The MCHD topic was a bone of contention for Richardson, and we’ll get to his objections and Hodges’ explanation further down.

The next grant also was revised. The first, prepared in July 2002, was to cover the period of July 1, 2022, through June 30, 2023. The total grant amount was $199,527. The updated, prepared version in October 2022, covered a slightly shorter period – July 1 through May 31. That total amount was $990,000.

Hodges and Samuels both received raises to $130,000 but their amounts from grant funds were reduced. The number of SUVs was initially cut to one then raised back to two.

Hodges said the grant for this year will be modified.

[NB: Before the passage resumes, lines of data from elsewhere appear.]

lemma contract_cong: "(\<And>x y. (x, y) \<in> set t \<Longrightarrow> F x y = G x y) \<Longrightarrow> contract F t = contract G t"
  by (induction t) auto

lemma contract_add: "contract (\<lambda>x y. F x y + G x y) t = contract F t + contract G t"
  by (induction t) (auto simp: algebra_simps)

lemma contract_sum:
  "finite E \<Longrightarrow> contract (\<lambda>x y. \<Sum>i\<in>E. G i x y) t = (\<Sum>i\<in>E. contract (G i) t)"
  by (induction t) (auto simp: sum.distrib)

lemma contract_map:
  "contract F (map (\<lambda>(x, y). (f x y, g x y)) t) = contract (\<lambda>x y. F (f x y) (g x y)) t"
  by (induction t) auto

lemma contract_flip2: "contract F (flip2 t) = contract (\<lambda>x y. F y x) t"
  by (induction t) (auto simp: flip2_def)

lemma contract_neg2:
  assumes "bilin_form sc F"
  shows "contract F (neg2 t) = - contract F t"
proof -
  have "F (- x) y = - F x y" for x y
    using assms lin_fun_uminus[of sc "\<lambda>x. F x y"] by (simp add: bilin_form_def)
  then show ?thesis
    by (induction t) (auto simp: neg2_def)
qed

lemma contract_smult2:
  assumes "bilin_form sc F"
  shows "contract F (smult2 sc c t) = c * contract F t"
proof -
  have "F (sc c x) y = c * F x y" for x y
    using assms lin_fun_scale[of sc "\<lambda>x. F x y"] by (simp add: bilin_form_def)
  then show ?thesis
    by (induction t) (auto simp: smult2_def algebra_simps)
qed

lemma lin_fun_contract:
  "(\<And>x y. lin_fun sc (\<lambda>q. G q x y)) \<Longrightarrow> lin_fun sc (\<lambda>q. contract (G q) t)"
  by (induction t) (auto simp: lin_fun_def algebra_simps)

lemma contract_brT:
  "contract F (brT D a t) = contract (\<lambda>u v. F (br D a u) v + F u (br D a v)) t"
  by (induction t) (auto simp: brT_def)

lemma contract_m_1: "contract F (m_1 t) = contract3 (\<lambda>x y z. F (x * y) z) t"
  by (induction t) (auto simp: m_1_def)

lemma contract_one_m: "contract F (one_m t) = contract3 (\<lambda>x y z. F x (y * z)) t"
  by (induction t) (auto simp: one_m_def)

lemma contract3_tau123: "contract3 G (map tau123 t) = contract3 (\<lambda>x y z. G z x y) t"
  by (induction t) (auto simp: tau123_def)

lemma contract3_tau132: "contract3 G (map tau132 t) = contract3 (\<lambda>x y z. G y z x) t"
  by (induction t) (auto simp: tau132_def)

lemma contract3_dblL:
  "contract3 G (dblL D a t) = contract (\<lambda>u v. contract (\<lambda>p q. G p q v) (D a u)) t"
proof -
  have "contract3 G (map (\<lambda>(p, q). (p, q, v)) s) = contract (\<lambda>p q. G p q v) s" for s v
    by (induction s) auto
  then show ?thesis
    by (induction t) (auto simp: dblL_def)
qed

lemma lin_fun_mult2: "lin_fun sc \<phi> \<Longrightarrow> \<phi> (mult2 t) = contract (\<lambda>x y. \<phi> (x * y)) t"
  by (induction t) (auto simp: mult2_def lin_fun_zero lin_fun_add)

text \<open>Equality against all products \<open>\<phi> \<otimes> \<psi>\<close> extends to all bilinear forms: on the finitely
  many first factors involved, \<open>F = (\<Sum>b\<in>E. r\<^sub>b \<otimes> F b)\<close> with \<open>r\<^sub>b\<close> the coordinate
  functionals of a basis.\<close>

lemma (in vector_space) teq2_imp_contract_eq:
  assumes "teq2 scale s t" and "bilin_form scale F"
  shows "contract F s = contract F t"
proof -
  define B where "B = extend_basis {}"
  have indB: "independent B" and spB: "span B = UNIV"
    using independent_extend_basis[OF independent_empty] span_extend_basis[OF independent_empty]
    by (auto simp: B_def)
  define r where "r x b = representation B x b" for x b
  have lin_r: "lin_fun scale (\<lambda>x. r x b)" for b
    unfolding lin_fun_def r_def using indB spB by (simp add: representation_add representation_scale)
  define X where "X = fst ` set (s @ t)"
  define E where "E = (\<Union>x\<in>X. {b. r x b \<noteq> 0})"
  have finE: "finite E"
    unfolding E_def X_def r_def by (auto intro!: finite_representation)
  have F_expand: "F x y = (\<Sum>b\<in>E. r x b * F b y)" if "x \<in> X" for x y
  proof -
    have lin_F: "lin_fun scale (\<lambda>x. F x y)"
      using assms(2) by (simp add: bilin_form_def)
    have "(\<Sum>b\<in>E. r x b *s b) = (\<Sum>b | r x b \<noteq> 0. r x b *s b)"
      using that finE by (intro sum.mono_neutral_right) (auto simp: E_def)
    also have "\<dots> = x"
      unfolding r_def using indB spB by (intro sum_nonzero_representation_eq) auto
    finally have "F x y = F (\<Sum>b\<in>E. r x b *s b) y" by simp
    then show ?thesis
      by (simp add: lin_fun_sum[OF lin_F] lin_fun_scale[OF lin_F])
  qed
  have contract_expand: "contract F u = (\<Sum>b\<in>E. ev2 (\<lambda>x. r x b) (F b) u)"
    if "fst ` set u \<subseteq> X" for u
  proof -
    have "contract F u = contract (\<lambda>x y. \<Sum>b\<in>E. r x b * F b y) u"
      using that by (intro contract_cong) (auto simp: F_expand)
    then show ?thesis
      using finE by (simp add: contract_sum ev2_eq_contract)
  qed
  have "contract F s = (\<Sum>b\<in>E. ev2 (\<lambda>x. r x b) (F b) s)"
    by (rule contract_expand) (auto simp: X_def)
  also have "\<dots> = (\<Sum>b\<in>E. ev2 (\<lambda>x. r x b) (F b) t)"
    using assms lin_r unfolding teq2_def bilin_form_def by auto
  also have "\<dots> = contract F t"
    by (rule contract_expand[symmetric]) (auto simp: X_def)
  finally show ?thesis .
qed

context
  fixes sc :: "'k::field \<Rightarrow> 'a::ring_1 \<Rightarrow> 'a" and D :: "'a \<Rightarrow> 'a \<Rightarrow> ('a \<times> 'a) list"
  assumes alg: "k_algebra sc" and db: "is_double_bracket sc D"
begin

lemma teq2_contract: "teq2 sc s t \<Longrightarrow> bilin_form sc F \<Longrightarrow> contract F s = contract F t"
  using alg by (intro vector_space.teq2_imp_contract_eq) (auto simp: k_algebra_def)

lemma lin_fun_contract_D:
  assumes "bilin_form sc F"
  shows "lin_fun sc (\<lambda>q. contract F (D p q))"
proof -
  have add: "teq2 sc (D p (x + y)) (D p x @ D p y)"
    and scale: "teq2 sc (D p (sc c x)) (smult2 sc c (D p x))" for x y c
    using db by (simp_all add: is_double_bracket_def)
  show ?thesis
    unfolding lin_fun_def using teq2_contract[OF add assms] teq2_contract[OF scale assms]
    by (simp add: contract_smult2[OF assms])
qed

lemma contract_D_swap: "bilin_form sc F \<Longrightarrow> contract F (D a b) = - contract (\<lambda>x y. F y x) (D b a)"
  using db teq2_contract[of "D a b" "neg2 (flip2 (D b a))" F]
  by (simp add: is_double_bracket_def contract_neg2 contract_flip2)

lemma contract_D_mult:
  assumes "bilin_form sc F"
  shows "contract F (D p (u * v)) =
    contract (\<lambda>x y. F (u * x) y) (D p v) + contract (\<lambda>x y. F x (y * v)) (D p u)"
proof -
  have "teq2 sc (D p (u * v))
      (map (\<lambda>(x, y). (u * x, y)) (D p v) @ map (\<lambda>(x, y). (x, y * v)) (D p u))"
    using db by (simp add: is_double_bracket_def)
  then show ?thesis
    by (simp add: teq2_contract[OF _ assms] contract_map)
qed

lemma contract_D_mult2:
  assumes "bilin_form sc F"
  shows "contract F (D p (mult2 t)) =
    contract (\<lambda>u v. contract (\<lambda>x y. F (u * x) y) (D p v) + contract (\<lambda>x y. F x (y * v)) (D p u)) t"
proof -
  have "contract F (D p (mult2 t)) = contract (\<lambda>u v. contract F (D p (u * v))) t"
    unfolding mult2_def lin_fun_sum_list[OF lin_fun_contract_D[OF assms]]
    by (simp add: contract_def case_prod_unfold comp_def)
  then show ?thesis
    by (simp add: contract_D_mult[OF assms])
qed

lemma lin_fun_br: "lin_fun sc \<phi> \<Longrightarrow> lin_fun sc (\<lambda>p. \<phi> (br D a p))"
proof -
  assume \<phi>: "lin_fun sc \<phi>"
  have "bilin_form sc (\<lambda>x y. \<phi> (x * y))"
    using lin_fun_mult_left[OF alg \<phi>] lin_fun_mult_right[OF alg \<phi>] by (simp add: bilin_form_def)
  then show ?thesis
    using lin_fun_contract_D by (simp add: br_def lin_fun_mult2[OF \<phi>])
qed

lemma bilin_form_contract_D:
  assumes "\<And>q. bilin_form sc (G q)" and "\<And>x y. lin_fun sc (\<lambda>q. G q x y)"
  shows "bilin_form sc (\<lambda>p q. contract (G q) (D c p))"
  unfolding bilin_form_def
  using lin_fun_contract_D[OF assms(1)] lin_fun_contract[of sc G, OF assms(2)] by blast

lemma contract_brT_D_minus_D_br_expand:
  assumes F: "bilin_form sc F"
  shows "contract F (brT D a (D b c) @ neg2 (D (br D a b) c) @ neg2 (D b (br D a c))) =
      contract (\<lambda>u v. F (br D a u) v + F u (br D a v)) (D b c)
    + contract (\<lambda>u v. contract (\<lambda>x y. F y (u * x)) (D c v)
        + contract (\<lambda>x y. F (y * v) x) (D c u)) (D a b)
    - contract (\<lambda>u v. contract (\<lambda>x y. F (u * x) y) (D b v)
        + contract (\<lambda>x y. F x (y * v)) (D b u)) (D a c)"
  using contract_D_swap[OF F, of "br D a b" c]
  by (simp add: contract_brT contract_neg2[OF F] contract_D_mult2[OF F, of _ "D a _", folded br_def]
      contract_D_mult2[OF bilin_form_swap[OF F], of _ "D a _", folded br_def])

On the topic of nepotism, DSF Stop has a contract with Hodges’ husband, Patrick Hodges, for financial and other services. His business, Northfleet Capital, lists his business address at their Fairmont home. Romelia Hodges also uses their home address for all DSF Stop business.

He was paid $14,250 in 2021 and $4,850 through the first three months of 2022; we have just received the payroll reports for the rest of 2002 and are still reviewing them.

Samuels’ daughter, Justice Samuels, runs Eye Candy Beauty Supply in Fairmont and is on the DSF Stop payroll as an employee. Her son, Jenesis Samuels, was on the payroll as a employee but was subsequently paid as a contractor for services through his company, Jenesis Janitorial Services. We will have their numbers in our next story.

Richardson contends he never approved these contracts. While the DFF board minutes say that the board voted to approve them over his objections, he says the minutes are not correct.

One other contract that we looked at and Hodges will explain in Part 2 is with a Cincinnati, Ohio, mobile juice truck, called Jamgood Juicery, at $40,000 per year for marketing, branding, event promotion and other duties.

DHHR approved all of these contracts.